The Biden administration conducted a number of policy changes upon taking over from the trump administration, changes intended to increase the retention rate of migrants and well communicated to migration-related interolutors. These were changes to a status quo, done deliberately and systemically, with predictable and openly desired results by involved elements of the Biden administration. Biden made multiple domestic legal efforts to broaden the inflow potential, spending non-trivial political capital, to shift the status quo into a more publicly receptive position.
Unless one wants to redefine the term violence, enforcement of migration laws is not violence.
Compassion without consideration of the consequence and harms imposed onto others is not compassion.

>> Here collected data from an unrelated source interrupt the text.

lemma local_superlinear_convergence:
  fixes xb :: "'a::real_normed_vector"
  assumes step: "\<And>\<epsilon>. \<epsilon> > 0 \<Longrightarrow> \<forall>\<^sub>F y in nhds xb. \<forall>y'. R y y' \<longrightarrow> norm (y' - xb) \<le> \<epsilon> * norm (y - xb)"
  obtains U where "open U" "xb \<in> U"
    "\<And>x. x 0 \<in> U \<Longrightarrow> (\<And>k. R (x k) (x (Suc k))) \<Longrightarrow>
       x \<longlonglongrightarrow> xb \<and> (\<lambda>k. norm (x (Suc k) - xb)) \<in> o(\<lambda>k. norm (x k - xb))"
proof -
  obtain r where r: "r > 0"
    and contract: "\<And>y y'. dist y xb < r \<Longrightarrow> R y y' \<Longrightarrow> norm (y' - xb) \<le> 1 / 2 * norm (y - xb)"
    using step[of "1 / 2"] unfolding eventually_nhds_metric by auto
  have "x \<longlonglongrightarrow> xb \<and> (\<lambda>k. norm (x (Suc k) - xb)) \<in> o(\<lambda>k. norm (x k - xb))"
    if x0: "x 0 \<in> ball xb r" and R: "\<And>k. R (x k) (x (Suc k))" for x
  proof
    have geometric: "norm (x k - xb) \<le> (1 / 2) ^ k * norm (x 0 - xb) \<and> dist (x k) xb < r" for k
    proof (induction k)
      case 0
      then show ?case using x0 by (simp add: dist_commute)
    next
      case (Suc k)
      then have "norm (x (Suc k) - xb) \<le> 1 / 2 * norm (x k - xb)" using contract R by blast
      with Suc show ?case using r by (auto simp: dist_norm)
    qed
    have lim: "(\<lambda>k. (1 / 2) ^ k * norm (x 0 - xb)) \<longlonglongrightarrow> 0"
      by (intro tendsto_mult_left_zero LIMSEQ_realpow_zero) simp_all
    have "\<forall>k. norm (x k - xb) \<le> (1 / 2) ^ k * norm (x 0 - xb)" using geometric by blast
    then have "(\<lambda>k. x k - xb) \<longlonglongrightarrow> 0"
      by (rule Lim_null_comparison[OF always_eventually lim])
    then show conv: "x \<longlonglongrightarrow> xb" by (rule LIM_zero_cancel)
    show "(\<lambda>k. norm (x (Suc k) - xb)) \<in> o(\<lambda>k. norm (x k - xb))"
    proof (rule landau_o.smallI)
      fix c :: real assume "c > 0"
      have "\<forall>\<^sub>F k in sequentially. \<forall>y'. R (x k) y' \<longrightarrow> norm (y' - xb) \<le> c * norm (x k - xb)"
        using step[OF \<open>c > 0\<close>] conv by (auto simp: filterlim_iff)
      then show "\<forall>\<^sub>F k in sequentially. norm (norm (x (Suc k) - xb)) \<le> c * norm (norm (x k - xb))"
        by eventually_elim (use R in simp)
    qed
  qed
  then show ?thesis using that[of "ball xb r"] r by simp
qed

lemma semismooth_newton_local_superlinear:
  fixes f :: "real^'n \<Rightarrow> real^'n" and Df :: "real^'n \<Rightarrow> real^'n^'n" and q :: "real^'n \<Rightarrow> ereal"
  assumes fd: "\<And>x. (f has_derivative (\<lambda>h. Df x *v h)) (at x)" and Dc: "isCont Df xb"
    and q: "proper_fun q" "convex_fun q" "lsc_fun q" and sol: "- f xb \<in> subdiff q xb"
    and mr: "metrically_regular (\<lambda>x. {f x + v | v. v \<in> subdiff q x}) xb 0"
    and ss: "semismooth_star (subdiff q) xb (- f xb)" and "\<gamma> > 0"
  shows "\<exists>U. open U \<and> xb \<in> U \<and>
    (\<forall>x u G \<Delta>. x 0 \<in> U \<and> (\<forall>k. semismooth_newton_step \<gamma> f Df q (x k) (u k) (G k) (\<Delta> k) \<and> x (Suc k) = x k + \<Delta> k)
       \<longrightarrow> x \<longlonglongrightarrow> xb \<and> (\<lambda>k. norm (x (Suc k) - xb)) \<in> o(\<lambda>k. norm (x k - xb)))"
proof -
  let ?R = "\<lambda>y y'. \<exists>u G \<Delta>. semismooth_newton_step \<gamma> f Df q y u G \<Delta> \<and> y' = y + \<Delta>"
  have "\<forall>\<^sub>F y in nhds xb. \<forall>y'. ?R y y' \<longrightarrow> norm (y' - xb) \<le> \<epsilon> * norm (y - xb)" if "\<epsilon> > 0" for \<epsilon>
    using semismooth_newton_step_superlinear[OF assms that] by (rule eventually_mono) blast
  then obtain U where "open U" "xb \<in> U" and conv: "\<And>x. x 0 \<in> U \<Longrightarrow> (\<And>k. ?R (x k) (x (Suc k))) \<Longrightarrow>
      x \<longlonglongrightarrow> xb \<and> (\<lambda>k. norm (x (Suc k) - xb)) \<in> o(\<lambda>k. norm (x k - xb))"
    by (rule local_superlinear_convergence) auto
  have "x \<longlonglongrightarrow> xb \<and> (\<lambda>k. norm (x (Suc k) - xb)) \<in> o(\<lambda>k. norm (x k - xb))"
    if "x 0 \<in> U" "\<forall>k. semismooth_newton_step \<gamma> f Df q (x k) (u k) (G k) (\<Delta> k) \<and> x (Suc k) = x k + \<Delta> k"
    for x u G \<Delta>
    using conv[of x, OF that(1)] that(2) by blast
  with \<open>open U\<close> \<open>xb \<in> U\<close> show ?thesis by blast
qed

theorem theorem4p6:
  fixes f :: "real^'n \<Rightarrow> real^'n"
    and Df :: "real^'n \<Rightarrow> real^'n^'n"
    and q :: "real^'n \<Rightarrow> ereal"
    and xb :: "real^'n"
  assumes f_deriv: "\<And>x. (f has_derivative (\<lambda>h. Df x *v h)) (at x)"
    and f_C1: "continuous_on UNIV Df"
    and q_proper: "proper_fun q" and q_convex: "convex_fun q" and q_lsc: "lsc_fun q"
    and in_gph: "(xb, 0) \<in> gph (\<lambda>x. {f x + v | v. v \<in> subdiff q x})"
    and metreg: "metrically_regular (\<lambda>x. {f x + v | v. v \<in> subdiff q x}) xb 0"
    and ssstar: "semismooth_star (subdiff q) xb (- f xb)"
  shows "\<forall>\<gamma>>0. \<exists>U. open U \<and> xb \<in> U \<and>
    (\<forall>x u G \<Delta>. x 0 \<in> U \<and>
       (\<forall>k. u k = u_gamma \<gamma> f q (x k)
          \<and> transpose (G k) = G k
          \<and> (\<forall>v. 0 \<le> v \<bullet> (G k *v v))
          \<and> onorm (\<lambda>v. G k *v v) \<le> 1
          \<and> (\<forall>vs. G k *v vs \<in> coderiv (subdiff q) (x k + u k) (- \<gamma> *\<^sub>R u k - f (x k))
                                     ((mat 1 - G k) *v vs))
          \<and> ((mat 1 - G k) ** Df (x k) + G k) *v \<Delta> k = (\<gamma> *\<^sub>R (mat 1 - G k) + G k) *v u k
          \<and> x (Suc k) = x k + \<Delta> k)
     \<longrightarrow> x \<longlonglongrightarrow> xb \<and> (\<lambda>k. norm (x (Suc k) - xb)) \<in> o(\<lambda>k. norm (x k - xb)))"
proof -
  have sol: "- f xb \<in> subdiff q xb"
    using in_gph unfolding gph_def by (auto simp: add_eq_0_iff)
  have "isCont Df xb" using f_C1 by (simp add: continuous_on_eq_continuous_at)
  show ?thesis
    using semismooth_newton_local_superlinear[OF f_deriv \<open>isCont Df xb\<close> q_proper q_convex q_lsc sol
        metreg ssstar]
    unfolding semismooth_newton_step_def conj_assoc by blast
qed

end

Rather than compassion, the Democratic stance on migration is much more accurately characterized as a luxury belief, a performative display undertaken only so long as it does not become onus. This was most notably when the Texas migrant bussing began, and then Democrats began panicking at the fiscal burdens of accepting and housing a fraction of the migrants that they'd been in Texas and elsewhere for years.
Self-righteousness and punting the costs onto the outgroup may be a fundamental impulse, but it is not particularly moral.
Isn't it still compassion, by definition, even if it is harmful? Not sure if the comparison is altogether valid, but violence used to prevent greater violence is still violence.